3. Bij uitspraak van 22 oktober 2009 in zaaknummer AWB 09 / 3392 BC - T1 en AWB 09 / 3393 BC - T1 heeft de voorzieningenrechter van de Rechtbank Rotterdam het verzoek om voorlopige voorziening toegewezen in die zin dat de begunstigingstermijn wordt verlengd tot 7 dagen na deze uitspraak. Met de vierde voorwaarde onder III van de last onder dwangsom van het college van 29 september 2009 is volgens de voorzieningenrechter beoogd dat het college inzicht krijgt op basis van welke criteria en hoe de gemeenschappelijke kosten concreet, in de zin van duidelijk en bepaald, aan de UPD zijn toegerekend. Daarin ligt naar het oordeel van de voorzieningenrechter besloten dat TNT Post onderbouwd inzicht biedt in de keuzes die zij heeft gemaakt bij de toerekening van de gemeenschappelijke kosten aan de UPD en hoe die keuzes zijn gemaakt. Het verzoek van TNT Post om het college te verplichten de tarieven vast te stellen voor de afzonderlijke postvervoerdiensten binnen de universele postdienst, omdat het college dat per 1 oktober 2009 niet heeft gedaan, is door de voorzieningenrechter afgewezen.





Besluit
«Openbaar»


4. Bij brief van 29 oktober 2009, 09/PA/U/053, overlegt TNT Post gegevens aan het college ter nadere invulling van de vierde voorwaarde onder III van de last onder dwangsom van het college van 29 september 2009. Op grond van deze voorwaarde waarmee TNT Post kan voldoen aan de last, moet TNT Post aangeven op basis van welke criteria en hoe die (gemeenschappelijke) kostensoorten concreet aan de UPD zijn toegerekend.

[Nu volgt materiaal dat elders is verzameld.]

text \<open>u_A as an extended real (so its finiteness is part of the claim).\<close>
definition uA :: "(nat \<Rightarrow> nat \<Rightarrow> bool) \<Rightarrow> (seq \<Rightarrow> real) \<Rightarrow> seq \<Rightarrow> ereal" where
  "uA Mt A x = Sup {ereal (Ssum k (\<lambda>z. A z - beta Mt A) y) | k y.
      y \<in> Sigma Mt \<and> (shift ^^ k) y = x}"

end

theory Submission imports Defs begin

(* Three of its properties are formal consequences of this definition alone: u_A >= 0 (take
   k = 0), u_A(x) + A(x) - beta_A <= u_A(shift x) (extend each pre-image by one step), and a
   comparison of u_A at nearby points (splice the pre-images of x onto y and use the bounded
   distortion of Birkhoff sums of a Hoelder potential).  The only non-formal ingredient is
   the upper bound, which makes u_A finite.  For it we close an arbitrary admissible word
   y_0 ... y_(m-1) into a periodic orbit by a connecting word of length K0 with letters in F
   (primitivity); the uniform measure on this orbit is shift invariant, so the orbit average
   of A is at most beta_A, and comparing the Birkhoff sum along y with the one along the
   periodic point costs at most Var(A). *)

lemma funpow_shift: "(shift ^^ j) x = (\<lambda>i. x (i + j))"
  by (induction j) (auto simp: shift_def)

lemma Sigma_funpow_shift: "x \<in> Sigma Mt \<Longrightarrow> (shift ^^ j) x \<in> Sigma Mt"
  by (simp add: Sigma_def funpow_shift)

lemma Sigma_shift: "x \<in> Sigma Mt \<Longrightarrow> shift x \<in> Sigma Mt"
  using Sigma_funpow_shift[of x Mt 1] by simp

text \<open>Every letter of an admissible sequence has admissible continuations of every length,
  hence lies in the core, where primitivity applies.\<close>
lemma Sigma_core: assumes "x \<in> Sigma Mt" shows "x j \<in> core Mt"
proof -
  have "x j \<in> Bset Mt n" for n
    using assms by (induction n arbitrary: j) (auto simp: Sigma_def)
  then show ?thesis by (auto simp: core_def)
qed

lemma dist_sh_le_iff:
  assumes "0 < lam" "lam < 1"
  shows "dist_sh lam x y \<le> lam ^ k \<longleftrightarrow> (\<forall>i<k. x i = y i)"
proof (cases "x = y")
  case True then show ?thesis using assms by (simp add: dist_sh_def)
next
  case False
  define d where "d = (LEAST j. x j \<noteq> y j)"
  have "\<exists>j. x j \<noteq> y j" using False by auto
  then have first: "x d \<noteq> y d" unfolding d_def by (rule LeastI_ex)
  have below: "x i = y i" if "i < d" for i
    using not_less_Least[of i "\<lambda>j. x j \<noteq> y j"] that unfolding d_def by simp
  have "(\<forall>i<k. x i = y i) \<longleftrightarrow> k \<le> d"
  proof
    assume "\<forall>i<k. x i = y i"
    then show "k \<le> d" using first by (meson not_le)
  qed (use below in simp)
  moreover have "lam ^ d \<le> lam ^ k \<longleftrightarrow> k \<le> d" using assms by simp
  ultimately show ?thesis using False by (simp add: dist_sh_def d_def)
qed

lemma Ssum_minus_const: "Ssum k (\<lambda>z. f z - c) x = Ssum k f x - real k * c"
  by (simp add: Ssum_def sum_subtractf)

lemma Ssum_Suc: "Ssum (Suc k) f x = Ssum k f x + f ((shift ^^ k) x)"
  by (simp add: Ssum_def)

lemma sum_lessThan_reverse_Suc: "(\<Sum>j<m. f (m - j)) = (\<Sum>i<m. f (Suc i) :: 'a::comm_monoid_add)"
  by (subst sum.nat_diff_reindex[symmetric]) (auto intro!: sum.cong simp: Suc_diff_Suc)

lemma sum_lessThan_add: "(\<Sum>j<(m::nat) + k. f j) = (\<Sum>j<m. f j) + (\<Sum>i<k. f (m + i) :: 'a::comm_monoid_add)"
  by (induction k) (auto simp: add.assoc)

section \<open>Hoelder potentials\<close>

locale holder_potential =
  fixes Mt :: "nat \<Rightarrow> nat \<Rightarrow> bool" and lam :: real and A :: "seq \<Rightarrow> real" and H :: real
  assumes lam0: "0 < lam" and lam1: "lam < 1" and H_pos: "H > 0"
    and holder: "\<And>k x y. k \<ge> 1 \<Longrightarrow> x \<in> Sigma Mt \<Longrightarrow> y \<in> Sigma Mt \<Longrightarrow>
                   dist_sh lam x y \<le> lam ^ k \<Longrightarrow> A x - A y \<le> H * lam ^ k"
begin

lemma holder_cylinder:
  assumes "k \<ge> 1" "x \<in> Sigma Mt" "y \<in> Sigma Mt" "\<forall>i<k. x i = y i"
  shows "A x - A y \<le> H * lam ^ k"
  using assms holder dist_sh_le_iff[OF lam0 lam1] by blast

lemma Var_k_upper:
  assumes "k \<ge> 1" "x \<in> Sigma Mt" "y \<in> Sigma Mt" "\<forall>i<k. x i = y i"
  shows "A x - A y \<le> Var_k Mt lam k A"
  unfolding Var_k_def
proof (rule cSup_upper)
  show "bdd_above {A x - A y | x y. x \<in> Sigma Mt \<and> y \<in> Sigma Mt \<and> dist_sh lam x y \<le> lam ^ k}"
    using assms(1) by (intro bdd_aboveI[of _ "H * lam ^ k"]) (auto intro: holder)
qed (use assms dist_sh_le_iff[OF lam0 lam1] in blast)

lemma Var_k_bounds:
  assumes "k \<ge> 1" "z \<in> Sigma Mt"
  shows "0 \<le> Var_k Mt lam k A" "Var_k Mt lam k A \<le> H * lam ^ k"
proof -
  show "0 \<le> Var_k Mt lam k A" using Var_k_upper[OF assms(1,2,2)] by simp
  have "dist_sh lam z z \<le> lam ^ k" using lam0 by (simp add: dist_sh_def)
  then show "Var_k Mt lam k A \<le> H * lam ^ k"
    unfolding Var_k_def using assms by (intro cSup_least) (auto intro: holder)
qed

lemma Var_partial_le:
  assumes "z \<in> Sigma Mt"
  shows "(\<Sum>i<m. Var_k Mt lam (Suc i) A) \<le> Var Mt lam A"
proof -
  have "summable (\<lambda>k. Var_k Mt lam (Suc k) A)"
  proof (rule summable_comparison_test')
    show "summable (\<lambda>k. H * lam ^ Suc k)" using lam0 lam1
      by (intro summable_mult summable_geometric) auto
    show "norm (Var_k Mt lam (Suc k) A) \<le> H * lam ^ Suc k" for k
      using Var_k_bounds[OF _ assms, of "Suc k"] by simp
  qed
  then show ?thesis unfolding Var_def
    by (rule sum_le_suminf) (auto intro: Var_k_bounds(1)[OF _ assms])
qed

lemma Ssum_diff_le_Var:
  assumes x: "x \<in> Sigma Mt" and y: "y \<in> Sigma Mt" and agree: "\<forall>i<m. x i = y i"
  shows "Ssum m A x - Ssum m A y \<le> Var Mt lam A"
proof -
  have "Ssum m A x - Ssum m A y = (\<Sum>j<m. A ((shift ^^ j) x) - A ((shift ^^ j) y))"
    by (simp add: Ssum_def sum_subtractf)
  also have "\<dots> \<le> (\<Sum>j<m. Var_k Mt lam (m - j) A)"
    using agree by (intro sum_mono Var_k_upper Sigma_funpow_shift x y) (auto simp: funpow_shift)
  also have "\<dots> = (\<Sum>i<m. Var_k Mt lam (Suc i) A)" by (rule sum_lessThan_reverse_Suc)
  also have "\<dots> \<le> Var Mt lam A" by (rule Var_partial_le[OF x])
  finally show ?thesis .
qed

lemma Ssum_distortion:
  assumes k: "k \<ge> 1" and x: "x \<in> Sigma Mt" and y: "y \<in> Sigma Mt" and agree: "\<forall>i<m + k. x i = y i"
  shows "Ssum m A x - Ssum m A y \<le> H / (1 - lam) * lam ^ k"
proof -
  have "Ssum m A x - Ssum m A y = (\<Sum>j<m. A ((shift ^^ j) x) - A ((shift ^^ j) y))"
    by (simp add: Ssum_def sum_subtractf)
  also have "\<dots> \<le> (\<Sum>j<m. H * lam ^ k * lam ^ (m - j))"
  proof (rule sum_mono)
    fix j assume "j \<in> {..<m}"
    then have "A ((shift ^^ j) x) - A ((shift ^^ j) y) \<le> H * lam ^ (k + (m - j))"
      using k agree by (intro holder_cylinder Sigma_funpow_shift x y) (auto simp: funpow_shift)
    then show "A ((shift ^^ j) x) - A ((shift ^^ j) y) \<le> H * lam ^ k * lam ^ (m - j)"
      by (simp add: power_add mult.assoc)
  qed
  also have "\<dots> = H * lam ^ k * (\<Sum>i<m. lam ^ Suc i)"
    by (simp add: sum_distrib_left[symmetric] sum_lessThan_reverse_Suc[where f = "power lam"]
        del: power_Suc)
  also have "\<dots> \<le> H * lam ^ k * (1 / (1 - lam))"
  proof (rule mult_left_mono)
    have "(\<Sum>i<m. lam ^ Suc i) \<le> (\<Sum>i<m. lam ^ i)"
      using lam0 lam1 by (intro sum_mono) (simp add: power_decreasing)
    also have "\<dots> = (1 - lam ^ m) / (1 - lam)" using lam1 by (simp add: sum_gp_strict)
    also have "\<dots> \<le> 1 / (1 - lam)" using lam0 lam1 by (intro divide_right_mono) auto
    finally show "(\<Sum>i<m. lam ^ Suc i) \<le> 1 / (1 - lam)" .
  qed (use H_pos lam0 in auto)
  finally show ?thesis by simp
qed

lemma A_continuous: "continuous_on (Sigma Mt) A"
  unfolding continuous_on_topological
proof (intro ballI allI impI)
  fix x B assume x: "x \<in> Sigma Mt" and B: "open B" "A x \<in> B"
  obtain e where e: "e > 0" "ball (A x) e \<subseteq> B" using openE[OF B] by metis
  obtain n where n: "lam ^ n < e / H" using real_arch_pow_inv[of "e/H" lam] e H_pos lam1 by auto
  have "H * lam ^ Suc n \<le> H * lam ^ n" using lam0 lam1 H_pos by (intro mult_left_mono) auto
  moreover have "H * lam ^ n < e" using n H_pos by (simp add: pos_less_divide_eq mult.commute)
  ultimately have small: "H * lam ^ Suc n < e" by linarith
  define U where "U = (\<Inter>i<Suc n. (\<lambda>y. y i) -` {x i})"
  have "open U" unfolding U_def
    by (intro open_INT finite_lessThan ballI open_vimage) (auto intro: discrete_topology_class.open_discrete)
  moreover have "x \<in> U" by (simp add: U_def)
  moreover have "A y \<in> B" if "y \<in> Sigma Mt" "y \<in> U" for y
  proof -
    have "A y - A x \<le> H * lam ^ Suc n" "A x - A y \<le> H * lam ^ Suc n"
      using holder_cylinder[of "Suc n" y x] holder_cylinder[of "Suc n" x y] x that
      by (auto simp: U_def)
    then have "dist (A y) (A x) < e" using small by (simp add: dist_real_def abs_le_iff)
    then show ?thesis using e by (auto simp: dist_commute)
  qed
  ultimately show "\<exists>U. open U \<and> x \<in> U \<and> (\<forall>y\<in>Sigma Mt. y \<in> U \<longrightarrow> A y \<in> B)" by blast
qed

lemma A_measurable: "A \<in> borel_measurable (restrict_space borel (Sigma Mt))"
  by (rule borel_measurable_continuous_on_restrict[OF A_continuous])

end

section \<open>Periodic orbit measures and \<open>beta_A\<close>\<close>

lemma shift_measurable:
  "shift \<in> measurable (restrict_space borel (Sigma Mt)) (restrict_space borel (Sigma Mt))"
proof (rule measurable_restrict_space2)
  show "shift \<in> space (restrict_space borel (Sigma Mt)) \<rightarrow> Sigma Mt"
    by (auto simp: space_restrict_space Sigma_shift)
  have "continuous_on (Sigma Mt) shift" unfolding shift_def
    by (intro continuous_on_coordinatewise_then_product
        continuous_on_subset[OF continuous_on_product_coordinates]) auto
  then show "shift \<in> borel_measurable (restrict_space borel (Sigma Mt))"
    by (rule borel_measurable_continuous_on_restrict)
qed

lemma rotation_bij: "n > 0 \<Longrightarrow> bij_betw (\<lambda>j. Suc j mod n) {..<n} {..<n}"
  unfolding bij_betw_def
  by (intro conjI endo_inj_surj) (auto simp: inj_on_def mod_Suc split: if_splits)

definition orbit_measure :: "(nat \<Rightarrow> nat \<Rightarrow> bool) \<Rightarrow> seq \<Rightarrow> nat \<Rightarrow> seq measure" where
  "orbit_measure Mt p n =
     distr (measure_pmf (pmf_of_set {..<n})) (restrict_space borel (Sigma Mt)) (\<lambda>j. (shift ^^ j) p)"

text \<open>For a periodic point of period \<open>n\<close> the shift acts on the orbit as the rotation
  \<open>j \<mapsto> j + 1 mod n\<close> of the index set, which preserves the uniform distribution.\<close>
lemma orbit_measure_invariant:
  assumes p: "p \<in> Sigma Mt" and n: "n > 0" and per: "(shift ^^ n) p = p"
  shows "orbit_measure Mt p n \<in> Minv Mt"
proof -
  define N where "N = restrict_space borel (Sigma Mt)"
  define P where "P = measure_pmf (pmf_of_set {..<n})"
  define g where "g = (\<lambda>j. (shift ^^ j) p)"
  define \<mu> where "\<mu> = orbit_measure Mt p n"
  have g: "g \<in> measurable P N" "g \<in> measurable (count_space UNIV) N"
    using Sigma_funpow_shift[OF p] by (auto simp: N_def P_def g_def space_restrict_space)
  have \<mu>: "\<mu> = distr P N g" by (simp add: \<mu>_def orbit_measure_def N_def P_def g_def)
  have rotation: "distr P (count_space UNIV) (\<lambda>j. Suc j mod n) = P"
  proof -
    have "map_pmf (\<lambda>j. Suc j mod n) (pmf_of_set {..<n}) = pmf_of_set {..<n}"
      using rotation_bij[OF n] n by (simp add: map_pmf_of_set_inj bij_betw_def lessThan_empty_iff)
    then show ?thesis by (simp add: P_def map_pmf_rep_eq[symmetric])
  qed
  have "distr \<mu> N shift = distr P N (shift \<circ> g)"
    unfolding \<mu> N_def by (rule distr_distr[OF shift_measurable g(1)[unfolded N_def]])
  also have "\<dots> = distr P N (g \<circ> (\<lambda>j. Suc j mod n))"
    by (rule distr_cong) (simp_all add: g_def funpow_mod_eq[OF per])
  also have "\<dots> = distr (distr P (count_space UNIV) (\<lambda>j. Suc j mod n)) N g"
    by (rule distr_distr[symmetric, OF g(2)]) (simp add: P_def)
  finally have shift_\<mu>: "distr \<mu> N shift = \<mu>" unfolding rotation \<mu> .
  show ?thesis unfolding \<mu>_def[symmetric] Minv_def
  proof (intro CollectI conjI ballI)
    show "prob_space \<mu>" unfolding \<mu> P_def by (rule measure_pmf.prob_space_distr[OF g(1)[unfolded P_def]])
    show "sets \<mu> = sets (restrict_space borel (Sigma Mt))" by (simp add: \<mu> N_def)
    fix B assume "B \<in> sets \<mu>"
    then have "B \<in> sets N" by (simp add: \<mu>)
    have "emeasure \<mu> (shift -` B \<inter> space \<mu>) = emeasure (distr \<mu> N shift) B"
      using \<open>B \<in> sets N\<close> shift_measurable[of Mt] by (simp add: emeasure_distr \<mu> N_def)
    then show "emeasure \<mu> (shift -` B \<inter> space \<mu>) = emeasure \<mu> B" by (simp add: shift_\<mu>)
  qed
qed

5. Bij brief van 12 november 2009, OPTA/AM/2009/203158, concludeert het college dat TNT Post met de door haar aangeleverde gegevens niet heeft voldaan aan voorwaarde 4 van het derde alternatief van de last, zodat zij de aan het besluit van het college 29 september 2009 verbonden dwangsom van 5.000.000,-- heeft verbeurd. Het college heeft in de bijlage bij de brief vragen geformuleerd om alsnog de noodzakelijke informatie van TNT Post te verkrijgen. Het college heeft aangegeven dat, indien hij de volledige en bevredigende antwoorden op deze vragen binnen 5 werkdagen ontvangt, hij zulks in overweging zal nemen bij de vraag welk vervolg aan de invordering van de verbeurde dwangsom van 29 september 2009 moet worden gegeven.


6. TNT Post heeft bij brief van 19 november 2009, PA/U/060, gereageerd op een deel van de vragen uit de brief van het college van 12 november 2009. Ten behoeve van beantwoording van drie vragen verzoekt TNT bij brief van 19 november 2009, kenmerk 2009-134, om uitstel.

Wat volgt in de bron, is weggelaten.